Frank DENIS random thoughts.

Application-controlled browser cache using local storage.

In order to reduce latency and improve the user experience, using client caching is the web development 101.

Setting correct HTTP server-side headers in order to instruct the web browser to keep the content in its local cache, has become straightforward with modern web servers (for static content), frameworks and middleware layers (Rack!).

However, this is only a hint. The actual caching policy remains up to the web browser. Setting HTTP headers doesn’t give applications any control nor feedback about what’s really going on client-side.

Specifically:

  • You can’t tell whether a resource is already in the client cache or not (ok, you can, but by making extra requests, which is, outside the scope of a demonstration, exactly what you’re trying to avoid),
  • You can’t tell whether what you asked the browser to cache was actually cached or not
  • You can’t invalidate a cached resource
  • You have no way to prioritize cached content. A huge Javascript should probably stay in the client cache as long as possible, while a 20 bytes-long transparent GIF image is no biggie if it has to eventually get reloaded. The only knob you have on the browser cache is a deadline (which is almost always, and should be, “immediately” or “never”), and it doesn’t allow any kind of real prioritization.
  • Some web browsers, like Safari (and UIWebView components) on the iPhone have a ridiculously small cache.
  • Watching your web server delivering so many 304 replies is driving you nuts.

Fortunately, the HTML5 specs bring an exciting feature: client-side storage. Thanks to localStorage et al., web browsers now provide a convenient way to permanently store big chunks of data, giving applications full control of the data store. While the primary target was offline web applications, client-side storage can also be extremely helpful in a bunch of other situations.

When you think about it, what’s the difference between local storage and cached resources? Not much, except that local storage is fully application-controlled, and can solve every issue listed above!

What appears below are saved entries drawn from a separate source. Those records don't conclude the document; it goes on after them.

lemma chain_min_append:
  assumes "2 \<le> length xs" "2 \<le> length ys" "last xs = hd ys"
  shows "min (chain_min x0 xs) (chain_min x0 ys) \<le> chain_min x0 (xs @ tl ys)"
proof (rule chain_min_greatest)
  show "2 \<le> length (xs @ tl ys)" using assms by simp
  define zs where "zs = xs @ tl ys"
  have "xs \<noteq> []" "ys \<noteq> []" using assms(1,2) by auto
  have shift: "zs ! k = ys ! (k + 1 - length xs)" if "length xs - 1 \<le> k" "k < length zs" for k
  proof (cases "k < length xs")
    case True
    then have "k = length xs - 1" using that by auto
    then have "zs ! k = last xs" using \<open>xs \<noteq> []\<close> by (simp add: zs_def nth_append last_conv_nth)
    also have "\<dots> = ys ! 0" using assms(3) \<open>ys \<noteq> []\<close> by (simp add: hd_conv_nth)
    finally show ?thesis using \<open>k = length xs - 1\<close> assms by simp
  next
    case False
    then show ?thesis using that assms by (simp add: zs_def nth_append nth_tl Suc_diff_le)
  qed
  fix i assume i: "Suc i < length (xs @ tl ys)"
  show "min (chain_min x0 xs) (chain_min x0 ys) \<le> gromov x0 ((xs @ tl ys) ! i) ((xs @ tl ys) ! Suc i)"
  proof (cases "Suc i < length xs")
    case True
    then show ?thesis using chain_min_le[OF True, of x0] by (simp add: nth_append)
  next
    case False
    have "zs ! i = ys ! (i + 1 - length xs)" "zs ! Suc i = ys ! Suc (i + 1 - length xs)"
      using shift[of i] shift[of "Suc i"] False i by (auto simp: zs_def Suc_diff_le)
    moreover have "Suc (i + 1 - length xs) < length ys" using i False assms by auto
    ultimately show ?thesis using chain_min_le[of _ ys x0] by (fastforce simp: zs_def)
  qed
qed

lemma append_tl_in_chains:
  assumes "xs \<in> chains X x y" "ys \<in> chains X y z"
  shows "xs @ tl ys \<in> chains X x z"
  using assms unfolding chains_def by (cases xs; cases ys) (auto simp: list.set_sel)

lemma pair_in_chains: "x \<in> X \<Longrightarrow> y \<in> X \<Longrightarrow> [x, y] \<in> chains X x y"
  by (auto simp: chains_def)
lemma tree_side_path:
  "(u, w) \<in> (adj_rel (F - {{u, v}}))\<^sup>* \<Longrightarrow> (u, w) \<in> (adj_rel (induced F (tree_side F u v)))\<^sup>*"
proof (induction rule: rtrancl_induct)
  case (step y z)
  have "(u, z) \<in> (adj_rel (F - {{u, v}}))\<^sup>*" using step(1,2) by (rule rtrancl_into_rtrancl)
  then have "y \<in> tree_side F u v" "z \<in> tree_side F u v" using step(1) by (simp_all add: tree_side_def)
  moreover have "{y, z} \<in> F" using step(2) by simp
  ultimately have "(y, z) \<in> adj_rel (induced F (tree_side F u v))" by (simp add: induced_def)
  with step(3) show ?case by (rule rtrancl_into_rtrancl)
qed simp

lemma tree_side_is_tree: "is_tree (tree_side F u v) (induced F (tree_side F u v))"
proof (rule is_treeI)
  let ?C = "tree_side F u v"
  have wf: "wf_graph I F" using tree by (simp add: is_tree_def)
  show "wf_graph ?C (induced F ?C)"
    unfolding wf_graph_def
  proof (intro conjI ballI)
    show "finite ?C" using wf tree_side_subset finite_subset by (auto simp: wf_graph_def)
  next
    fix e assume "e \<in> induced F ?C"
    then show "\<exists>a b. e = {a, b} \<and> a \<noteq> b \<and> a \<in> ?C \<and> b \<in> ?C"
      using wf_graph_edgeD[OF wf] by (fastforce simp: induced_def)
  qed
  show "?C \<noteq> {}" using tree_side_self by blast
  show "(a, b) \<in> (adj_rel (induced F ?C))\<^sup>*" if "a \<in> ?C" "b \<in> ?C" for a b
  proof -
    have "(u, a) \<in> (adj_rel (induced F ?C))\<^sup>*" "(u, b) \<in> (adj_rel (induced F ?C))\<^sup>*"
      using that tree_side_path by (simp_all add: tree_side_def)
    then show ?thesis using rtrancl_adj_rel_sym rtrancl_trans by fast
  qed
  show "(a, b) \<notin> (adj_rel (induced F ?C - {{a, b}}))\<^sup>*" if "{a, b} \<in> induced F ?C" for a b
  proof
    assume "(a, b) \<in> (adj_rel (induced F ?C - {{a, b}}))\<^sup>*"
    moreover have "induced F ?C - {{a, b}} \<subseteq> F - {{a, b}}" by (auto simp: induced_def)
    ultimately have "(a, b) \<in> (adj_rel (F - {{a, b}}))\<^sup>*" by (rule rtrancl_adj_rel_mono)
    moreover have "{a, b} \<in> F" using that by (simp add: induced_def)
    ultimately show False using is_tree_bridge[OF tree] by blast
  qed
qed
lemma IperpI:
  "g \<in> Hom X A Y \<Longrightarrow> (\<And>W C m d. W \<in> Obj X \<Longrightarrow> C \<in> Obj X \<Longrightarrow> m \<in> I W C \<Longrightarrow> d \<in> EE X C A
     \<Longrightarrow> pull X W C Y m (push X C A Y g d) = ezero X W Y) \<Longrightarrow> g \<in> Iperp X I A Y"
  unfolding Iperp_def by blast

lemma IperpD:
  "g \<in> Iperp X I A Y \<Longrightarrow> W \<in> Obj X \<Longrightarrow> C \<in> Obj X \<Longrightarrow> m \<in> I W C \<Longrightarrow> d \<in> EE X C A
    \<Longrightarrow> pull X W C Y m (push X C A Y g d) = ezero X W Y"
  unfolding Iperp_def by blast

lemma Iperp_hom: "g \<in> Iperp X I A Y \<Longrightarrow> g \<in> Hom X A Y"
  unfolding Iperp_def by blast

lemma Iperp_madd:
  assumes o: "A \<in> Obj X" "B \<in> Obj X" and fg: "f \<in> Iperp X I A B" "g \<in> Iperp X I A B"
  shows "madd X A B f g \<in> Iperp X I A B"
proof (rule IperpI)
  have h: "f \<in> Hom X A B" "g \<in> Hom X A B" using fg Iperp_hom by auto
  then show "madd X A B f g \<in> Hom X A B" using o by simp
  fix W C m d assume w: "W \<in> Obj X" "C \<in> Obj X" "m \<in> I W C" "d \<in> EE X C A"
  have mh: "m \<in> Hom X W C" using w I_hom by auto
  have "pull X W C B m (push X C A B (madd X A B f g) d)
      = pull X W C B m (eadd X C B (push X C A B f d) (push X C A B g d))"
    using push_madd o h w by simp
  also have "\<dots> = eadd X W B (pull X W C B m (push X C A B f d)) (pull X W C B m (push X C A B g d))"
    by (rule pull_eadd) (simp_all add: o h w mh)
  also have "\<dots> = ezero X W B" using IperpD[OF fg(1) w] IperpD[OF fg(2) w] o w by simp
  finally show "pull X W C B m (push X C A B (madd X A B f g) d) = ezero X W B" .
qed

lemma Iperp_comp:
  assumes o: "W \<in> Obj X" "A \<in> Obj X" "B \<in> Obj X" "Z \<in> Obj X" and f: "f \<in> Iperp X I A B"
    and uv: "u \<in> Hom X W A" "v \<in> Hom X B Z"
  shows "cmp X W B Z v (cmp X W A B f u) \<in> Iperp X I W Z"
proof (rule IperpI)
  have h: "f \<in> Hom X A B" using f Iperp_hom by auto
  then show "cmp X W B Z v (cmp X W A B f u) \<in> Hom X W Z" using o uv by simp
  fix W' C m d assume w: "W' \<in> Obj X" "C \<in> Obj X" "m \<in> I W' C" "d \<in> EE X C W"
  have mh: "m \<in> Hom X W' C" using w I_hom by auto
  have "push X C W Z (cmp X W B Z v (cmp X W A B f u)) d
      = push X C B Z v (push X C W B (cmp X W A B f u) d)"
    by (rule push_comp) (simp_all add: o h uv w)
  also have "push X C W B (cmp X W A B f u) d = push X C A B f (push X C W A u d)"
    by (rule push_comp) (simp_all add: o h uv w)
  finally have "pull X W' C Z m (push X C W Z (cmp X W B Z v (cmp X W A B f u)) d)
      = pull X W' C Z m (push X C B Z v (push X C A B f (push X C W A u d)))" by simp
  also have "\<dots> = push X W' B Z v (pull X W' C B m (push X C A B f (push X C W A u d)))"
    by (rule push_pull_comm[symmetric]) (simp_all add: o h uv w mh)
  also have "\<dots> = ezero X W' Z" using IperpD[OF f w(1-3), of "push X C W A u d"] o uv w by simp
  finally show "pull X W' C Z m (push X C W Z (cmp X W B Z v (cmp X W A B f u)) d) = ezero X W' Z" .
qed

lemma Iperp_ideal: "ideal X (Iperp X I)"
proof -
  have "Iperp X I A B \<subseteq> Hom X A B" for A B
    using Iperp_hom by blast
  moreover have "mzero X A B \<in> Iperp X I A B" if "A \<in> Obj X" "B \<in> Obj X" for A B
    by (rule IperpI) (simp_all add: that I_hom)
  ultimately show ?thesis
    unfolding ideal_def by (simp add: Iperp_madd Iperp_comp)
qed

lemma perp_object_pull_zero:
  "A \<in> ObK X (Iperp X I) \<Longrightarrow> W \<in> Obj X \<Longrightarrow> C \<in> Obj X \<Longrightarrow> m \<in> I W C \<Longrightarrow> d \<in> EE X C A
    \<Longrightarrow> pull X W C A m d = ezero X W A"
  unfolding ObK_def using IperpD[of "idm X A" A A W C m d] by simp

lemma perp_objectI:
  "A \<in> Obj X \<Longrightarrow> (\<And>W C m d. W \<in> Obj X \<Longrightarrow> C \<in> Obj X \<Longrightarrow> m \<in> I W C \<Longrightarrow> d \<in> EE X C A
     \<Longrightarrow> pull X W C A m d = ezero X W A) \<Longrightarrow> A \<in> ObK X (Iperp X I)"
  unfolding ObK_def by (auto intro!: IperpI)

lemma F_injective_ezero:
  assumes "F_injective X F B" "C \<in> Obj X" "d \<in> F C B" "d \<in> EE X C B"
  shows "d = ezero X C B"
proof -
  have "B \<in> Obj X" "push X C B B (idm X B) d = ezero X C B"
    using assms unfolding F_injective_def Finj_def by blast+
  then show ?thesis using assms by simp
qed

lemma F_injective_perp_object:
  assumes phantom: "\<And>W C. W \<in> Obj X \<Longrightarrow> C \<in> Obj X \<Longrightarrow> I W C \<subseteq> Ph X F W C"
    and inj: "F_injective X F B"
  shows "B \<in> ObK X (Iperp X I)"
proof (rule perp_objectI)
  show B: "B \<in> Obj X" using inj unfolding F_injective_def by blast
  fix W C m d assume w: "W \<in> Obj X" "C \<in> Obj X" "m \<in> I W C" "d \<in> EE X C B"
  have "pull X W C B m d \<in> F W B" using phantom[OF w(1,2)] w(3,4) B unfolding Ph_def by blast
  then show "pull X W C B m d = ezero X W B" using F_injective_ezero[OF inj] w B I_hom by simp
qed

section \<open>Phantoms of a subfunctor with enough injectives: (a) implies (b)\<close>

lemma subfunctor_push:
  "add_subfunctor X F \<Longrightarrow> C \<in> Obj X \<Longrightarrow> A \<in> Obj X \<Longrightarrow> A' \<in> Obj X \<Longrightarrow> a \<in> Hom X A A' \<Longrightarrow> d \<in> F C A
    \<Longrightarrow> push X C A A' a d \<in> F C A'"
  unfolding add_subfunctor_def by blast

lemma subfunctor_pull:
  "add_subfunctor X F \<Longrightarrow> C' \<in> Obj X \<Longrightarrow> C \<in> Obj X \<Longrightarrow> A \<in> Obj X \<Longrightarrow> c \<in> Hom X C' C \<Longrightarrow> d \<in> F C A
    \<Longrightarrow> pull X C' C A c d \<in> F C' A"
  unfolding add_subfunctor_def by blast
lemma pow_defect_gens_pow_schur_e_in_comm_subgroup:
  "pow_defect F2 n gen_a gen_b [^]\<^bsub>F2\<^esub> schur_e n \<in> comm_subgroup F2 (carrier F2) (burnside_R n)"
proof -
  interpret R: normal "burnside_R n" F2 by (rule normal_burnside_R)
  let ?w = "pow_defect F2 n gen_a gen_b"
  have ab: "gen_a \<in> carrier F2" "gen_b \<in> carrier F2"
    by (simp_all add: gen_in_free_group)
  have "?w \<in> burnside_R n"
    unfolding pow_defect_def using ab
    by (intro R.m_closed R.m_inv_closed nat_pow_in_burnside_R F2.m_closed)
  moreover have "?w \<in> derived F2 (carrier F2)"
    using ab by (rule F2.pow_defect_in_derived)
  ultimately have w: "?w \<in> burnside_R n \<inter> derived F2 (carrier F2)" ..
  have "R.comm_GH #>\<^bsub>F2\<^esub> ?w \<in> carrier (hopf_multiplier F2 (burnside_R n))"
    using w by (simp add: R.carrier_hopf_multiplier)
  then have "(R.comm_GH #>\<^bsub>F2\<^esub> ?w) [^]\<^bsub>hopf_multiplier F2 (burnside_R n)\<^esub> schur_e n
      = \<one>\<^bsub>hopf_multiplier F2 (burnside_R n)\<^esub>"
    unfolding schur_e_def Let_def pow_defect_def[symmetric]
    by (rule group.pow_ord_eq_1[OF R.group_hopf_multiplier])
  then show ?thesis
    using R.hopf_multiplier_pow_eq_one_iff[OF w] by blast
qed

lemma (in group_hom) pow_defect_pow_schur_e_in_comm_subgroup_kernel:
  assumes fin: "finite (carrier H)" and exp: "\<And>g. g \<in> carrier H \<Longrightarrow> g [^]\<^bsub>H\<^esub> n = \<one>\<^bsub>H\<^esub>"
    and x: "x \<in> carrier G" and y: "y \<in> carrier G"
  shows "pow_defect G n x y [^] schur_e n \<in> comm_subgroup G (carrier G) (kernel G H h)"
proof -
  define \<phi> where "\<phi> = free_lift G (\<lambda>b. if b then y else x)"
  have \<phi>: "group_hom F2 G \<phi>"
    unfolding \<phi>_def using x y by (intro group_hom_free_lift) auto
  have \<phi>_gen: "\<phi> gen_a = x" "\<phi> gen_b = y"
    unfolding \<phi>_def using x y by (simp_all add: free_lift_gen G.is_group)
  have "group_hom F2 H (h \<circ> \<phi>)"
    using Group.hom_compose[OF group_hom.homh[OF \<phi>] homh]
    by (simp add: group_hom_def group_hom_axioms_def F2.is_group H.is_group)
  then have "burnside_R n \<subseteq> kernel F2 H (h \<circ> \<phi>)"
    using fin exp by (rule burnside_R_subset_kernel)
  then have "\<phi> ` burnside_R n \<subseteq> kernel G H h"
    using group_hom.hom_closed[OF \<phi>] by (auto simp: kernel_def)
  then have "\<phi> ` comm_subgroup F2 (carrier F2) (burnside_R n) \<subseteq> comm_subgroup G (carrier G) (kernel G H h)"
    using subgroup.subset[OF normal_imp_subgroup[OF normal_burnside_R]] by (intro group_hom.comm_subgroup_image_subset[OF \<phi>])
  then have "\<phi> (pow_defect F2 n gen_a gen_b [^]\<^bsub>F2\<^esub> schur_e n) \<in> comm_subgroup G (carrier G) (kernel G H h)"
    using pow_defect_gens_pow_schur_e_in_comm_subgroup by blast
  moreover have "gen_a \<in> carrier F2" "gen_b \<in> carrier F2"
    by (simp_all add: gen_in_free_group)
  ultimately show ?thesis
    by (simp add: group_hom.hom_nat_pow[OF \<phi>] group_hom.hom_pow_defect[OF \<phi>] \<phi>_gen)
qed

A good example might be a huge Javascript that you really would love to keep cached. It doesn’t mean that additional content like pictures shouldn’t get cached as well, but you know that this specific script is critical and that users won’t be able to see anything but a blank page till this one isn’t ready for action.

Here’s the trick. Instead of using a script element, this very script can be loaded using XHR, then eval()’d. Since the script is available as a regular string, storing it as an entry in the browser data store is a piece of cake. Checking whether the script is already in the cache is also as easy as checking a key for existence. Invalidation is as easy as deleting the entry. This way, we get a totally user-controlled browser cache.

Here’s a real-life example: Geobar

Geobar was specifically designed for iPhone and Android devices. It relies on the OpenLayers scripts + some custom Geoportail scripts. All packed together, we get 1 Mb worth of data that are absolutely mandatory for the page to display. And this is where local storage works wonders.

    function load_scripts() {
        if (window.localStorage["geoapi_js"]) {
            window.eval(window.localStorage["geoapi_js"]);
        } else {
            var xhr = new XMLHttpRequest;
            xhr.onreadystatechange = function() {
                if (this.readyState != 4) {
                    return;
                }
                if (this.status != 200) {
                    alert("Error: " + this.status);
                    return;
                }
                try {
                    window.localStorage["geoapi_js"] = this.responseText;
                } catch (e) { }
                window.eval(this.responseText);            
            };
            xhr.open("GET", "geoapi.js", true);
            xhr.send();
        }
    }

This is enough to keep the script in the data store instead of relying on the traditional HTTP cache.

Why not use an HTML5 manifest instead, you may ask? To start with, the manifest still doesn’t give you much control about the cached content. And further HTTP requests made from a resource loaded this way have no Referer, which might be a showstopper, as it was the case here.

Of course, the same trick can be used in order to store other kind of resources like stylesheets, and, why not, hex-encoded images.

While HTML5 makes local storage easy and powerful, almost every major web browser out there has some kind of support for local storage for ages: userData (since IE 5.0), globalStorage (since Firefox 2), and for those running behind, Flash comes to the rescue with its Shared Objects.